Another limitation of generator functions is that they can only be used once, as shown below:
>>> result = pfactorsl(1560)
>>> sum(result)
27
>>> sum(result)
0
After the generator is evaluated for the first time using the sum()
function, the generator is empty the second time it is used, indicating that the generator can only be used once.
Generators in Python have a lifecycle, which is not particularly ideal from a functional programming perspective.
You can use the itertools.tee()
function to overcome the one-time limit. Here’s a simple example:
import itertools
from typing import Iterable, Any
def limits(iterable: Iterable[Any]) -> Any:
max_tee, min_tee = itertools.tee(iterable, 2)

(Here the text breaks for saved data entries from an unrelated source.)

lemma first_cell_error_powr:
  fixes \<phi> :: "real \<Rightarrow> real"
  assumes h: "h > 0" and e: "e > -1" and int: "\<phi> integrable_on {0<..h}"
    and bd: "\<And>x. x > 0 \<Longrightarrow> \<bar>\<phi> x\<bar> \<le> C * x powr e"
  shows "\<bar>h * \<phi> h - integral {0<..h} \<phi>\<bar> \<le> (C + C / (e + 1)) * h powr (e + 1)"
proof -
  have "\<bar>h * \<phi> h\<bar> \<le> h * (C * h powr e)"
    using bd[OF h] h by (simp add: abs_mult)
  also have "\<dots> = C * h powr (e + 1)"
    using h by (simp add: powr_add)
  finally have endpoint: "\<bar>h * \<phi> h\<bar> \<le> C * h powr (e + 1)" .
  have "((\<lambda>x. x powr e) has_integral h powr (e + 1) / (e + 1)) {0..h}"
    using has_integral_powr_from_0[OF e] h by simp
  moreover have "((\<lambda>x. x powr e) has_integral h powr (e + 1) / (e + 1)) {0..h} \<longleftrightarrow>
      ((\<lambda>x. x powr e) has_integral h powr (e + 1) / (e + 1)) {0<..h}"
    by (rule has_integral_spike_set_eq; rule negligible_subset[of "{0}"]; auto)
  ultimately have "((\<lambda>x. x powr e) has_integral h powr (e + 1) / (e + 1)) {0<..h}" by simp
  from has_integral_mult_right[OF this, of C]
  have pI: "((\<lambda>x. C * x powr e) has_integral C / (e + 1) * h powr (e + 1)) {0<..h}"
    by simp
  have "norm (integral {0<..h} \<phi>) \<le> integral {0<..h} (\<lambda>x. C * x powr e)"
    by (rule integral_norm_bound_integral[OF int]) (use pI bd in auto)
  also have "\<dots> = C / (e + 1) * h powr (e + 1)" using pI by blast
  finally have "\<bar>integral {0<..h} \<phi>\<bar> \<le> C / (e + 1) * h powr (e + 1)" by simp
  with endpoint show ?thesis
    using abs_triangle_ineq4[of "h * \<phi> h" "integral {0<..h} \<phi>"] by (simp add: distrib_right)
qed

lemma right_endpoint_rule_error:
  fixes \<phi> \<phi>' :: "real \<Rightarrow> real"
  assumes h: "h \<ge> 0"
    and der: "\<And>x. x \<in> {a..a+h} \<Longrightarrow> (\<phi> has_real_derivative \<phi>' x) (at x)"
    and bd: "\<And>x. x \<in> {a..a+h} \<Longrightarrow> \<bar>\<phi>' x\<bar> \<le> M"
  shows "\<bar>h * \<phi> (a + h) - integral {a..a+h} \<phi>\<bar> \<le> M * h\<^sup>2"
proof -
  have M: "M \<ge> 0" using bd[of a] h by force
  have "continuous_on {a..a+h} \<phi>"
    by (intro continuous_at_imp_continuous_on ballI) (meson DERIV_isCont der)
  then have "\<phi> integrable_on {a..a+h}" by (rule integrable_continuous_real)
  then have HI: "((\<lambda>x. \<phi> (a + h) - \<phi> x) has_integral h * \<phi> (a + h) - integral {a..a+h} \<phi>) {a..a+h}"
    using has_integral_diff[OF has_integral_const_real[of "\<phi> (a + h)" a "a + h"] integrable_integral] h
    by (simp add: mult.commute)
  have "norm (\<phi> (a + h) - \<phi> x) \<le> M * h" if x: "x \<in> {a..a+h}" for x
  proof (cases "x = a + h")
    case False
    then have "x < a + h" using x by auto
    then obtain z where z: "x < z" "z < a + h" "\<phi> (a + h) - \<phi> x = (a + h - x) * \<phi>' z"
      using MVT2[of x "a + h" \<phi> \<phi>'] x der by auto
    then have "norm (\<phi> (a + h) - \<phi> x) = (a + h - x) * \<bar>\<phi>' z\<bar>" by (simp add: abs_mult)
    also have "\<dots> \<le> h * M" using z x bd[of z] M by (intro mult_mono) auto
    finally show ?thesis by (simp add: mult.commute)
  qed (use M h in simp)
  then have "norm (h * \<phi> (a + h) - integral {a..a+h} \<phi>) \<le> M * h * Henstock_Kurzweil_Integration.content {a..a+h}"
    using M h by (intro has_integral_bound_real[OF _ _ HI, where S="{}"]) auto
  then show ?thesis using h by (simp add: power2_eq_square mult.assoc)
qed

lemma right_endpoint_rule_error_powr:
  fixes \<phi> \<phi>' :: "real \<Rightarrow> real"
  assumes a: "a > 0" and h: "h \<ge> 0" and \<beta>: "\<beta> \<ge> 0"
    and der: "\<And>x. x > 0 \<Longrightarrow> (\<phi> has_real_derivative \<phi>' x) (at x)"
    and der_bound: "\<And>x. x > 0 \<Longrightarrow> \<bar>\<phi>' x\<bar> \<le> C * x powr (-\<beta>)"
  shows "\<bar>h * \<phi> (a + h) - integral {a..a+h} \<phi>\<bar> \<le> C * a powr (-\<beta>) * h\<^sup>2"
proof (rule right_endpoint_rule_error)
  fix x assume x: "x \<in> {a..a+h}"
  then show "(\<phi> has_real_derivative \<phi>' x) (at x)" using a by (intro der) auto
  have C: "C \<ge> 0" using der_bound[of 1] by simp
  have "\<bar>\<phi>' x\<bar> \<le> C * x powr (-\<beta>)" using x a by (intro der_bound) auto
  also have "\<dots> \<le> C * a powr (-\<beta>)" using x a C \<beta> by (intro mult_left_mono powr_mono2') auto
  finally show "\<bar>\<phi>' x\<bar> \<le> C * a powr (-\<beta>)" .
qed (use h in simp)

lemma riemann_partial_sum_error_powr:
  fixes \<phi> \<phi>' :: "real \<Rightarrow> real"
  assumes \<beta>: "1 < \<beta>" "\<beta> < 2" and h: "h > 0"
    and int: "\<And>x. \<phi> integrable_on {0<..x}"
    and der: "\<And>x. x > 0 \<Longrightarrow> (\<phi> has_real_derivative \<phi>' x) (at x)"
    and near0: "\<And>x. x > 0 \<Longrightarrow> \<bar>\<phi> x\<bar> \<le> C1 * x powr (1 - \<beta>)"
    and der_bound: "\<And>x. x > 0 \<Longrightarrow> \<bar>\<phi>' x\<bar> \<le> C3 * x powr (-\<beta>)"
  shows "\<bar>h * (\<Sum>l<Suc N. \<phi> (real (Suc l) * h)) - integral {0<..real (Suc N) * h} \<phi>\<bar>
           \<le> (C1 + C1 / (2 - \<beta>)) * h powr (2 - \<beta>) + C3 * h powr (2 - \<beta>) * (\<Sum>l<N. real (Suc l) powr (-\<beta>))"
proof (induction N)
  case 0
  then show ?case using first_cell_error_powr[OF h _ int near0] \<beta> by simp
next
  case (Suc n)
  define a where "a = real (Suc n) * h"
  have a: "a > 0" "real (Suc (Suc n)) * h = a + h"
    using h by (simp add: a_def, simp add: a_def algebra_simps)
  have "\<bar>h * \<phi> (a + h) - integral {a..a+h} \<phi>\<bar> \<le> C3 * a powr (-\<beta>) * h\<^sup>2"
    by (rule right_endpoint_rule_error_powr[OF _ _ _ der der_bound]) (use a h \<beta> in auto)
  also have "C3 * a powr (-\<beta>) * h\<^sup>2 = C3 * h powr (2 - \<beta>) * real (Suc n) powr (-\<beta>)"
  proof -
    have "a powr (-\<beta>) = real (Suc n) powr (-\<beta>) * h powr (-\<beta>)"
      using h by (simp add: a_def powr_mult)
    moreover have "h powr (2 - \<beta>) = h\<^sup>2 * h powr (-\<beta>)"
      using h powr_add[of h 2 "-\<beta>"] by (simp add: powr_numeral)
    ultimately show ?thesis by (simp add: mult_ac)
  qed
  finally have cell: "\<bar>h * \<phi> (a + h) - integral {a..a+h} \<phi>\<bar> \<le> C3 * h powr (2 - \<beta>) * real (Suc n) powr (-\<beta>)" .
  have split: "h * (\<Sum>l<Suc (Suc n). \<phi> (real (Suc l) * h)) - integral {0<..real (Suc (Suc n)) * h} \<phi>
      = (h * (\<Sum>l<Suc n. \<phi> (real (Suc l) * h)) - integral {0<..real (Suc n) * h} \<phi>)
        + (h * \<phi> (a + h) - integral {a..a+h} \<phi>)" (is "_ = ?X + ?Y")
    unfolding a(2) using integral_Ioc_combine[of a "a + h", OF _ _ int] a h
    by (simp add: a_def algebra_simps)
  have "C3 * h powr (2 - \<beta>) * (\<Sum>l<Suc n. real (Suc l) powr (-\<beta>))
      = C3 * h powr (2 - \<beta>) * (\<Sum>l<n. real (Suc l) powr (-\<beta>)) + C3 * h powr (2 - \<beta>) * real (Suc n) powr (-\<beta>)"
    by (simp add: distrib_left)
  then show ?case unfolding split using Suc.IH cell abs_triangle_ineq[of ?X ?Y] by linarith
qed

return max(max_tee), min(min_tee)
This creates two copies of the generator expression passed as an argument: max_tee()
and min_tee()
, leaving the original generator unchanged. This feature allows for very flexible function composition. By evaluating the two copies, we get the maximum and minimum values of the generator’s result.
Once the iterable has exhausted all its values, no further values will be generated. When performing multiple reductions on a generator, such as summing, counting, finding maximum or minimum values, the algorithm must be designed to account for its single-use nature.
Combining Generator Expressions
A core characteristic of functional programming is the ability to flexibly combine generator expressions and generator functions to describe complex processing flows. The following describes several common methods for combining generator expressions.
The first method is to combine generators by creating composite functions. Suppose we have a generator (f(x) for x in range())
and need to compute g(f(x))
, we can combine them in the following ways.
The original generator expression can be changed to the following form:
g_f_x = (g(f(x)) for x in range())
While this approach is technically correct, it violates the reuse principle: the existing expression is not reused but rewritten.
You can also embed one expression within another, as shown below:
g_f_x = (g(y) for y in (f(x) for x in range()))
This allows for convenient variable substitution. Reuse can be achieved with the following command:
f_x = (f(x) for x in range())
g_f_x = (g(y) for y in f_x)
The advantage of this implementation is that you don’t need to rewrite the original expression (f(x) for x in range())
; you can simply assign it to a variable.
The combined expression is still a generator expression and is lazy. When a value is taken from g_f_x
, it takes a value from f_x
, which in turn takes a value from the range()
function.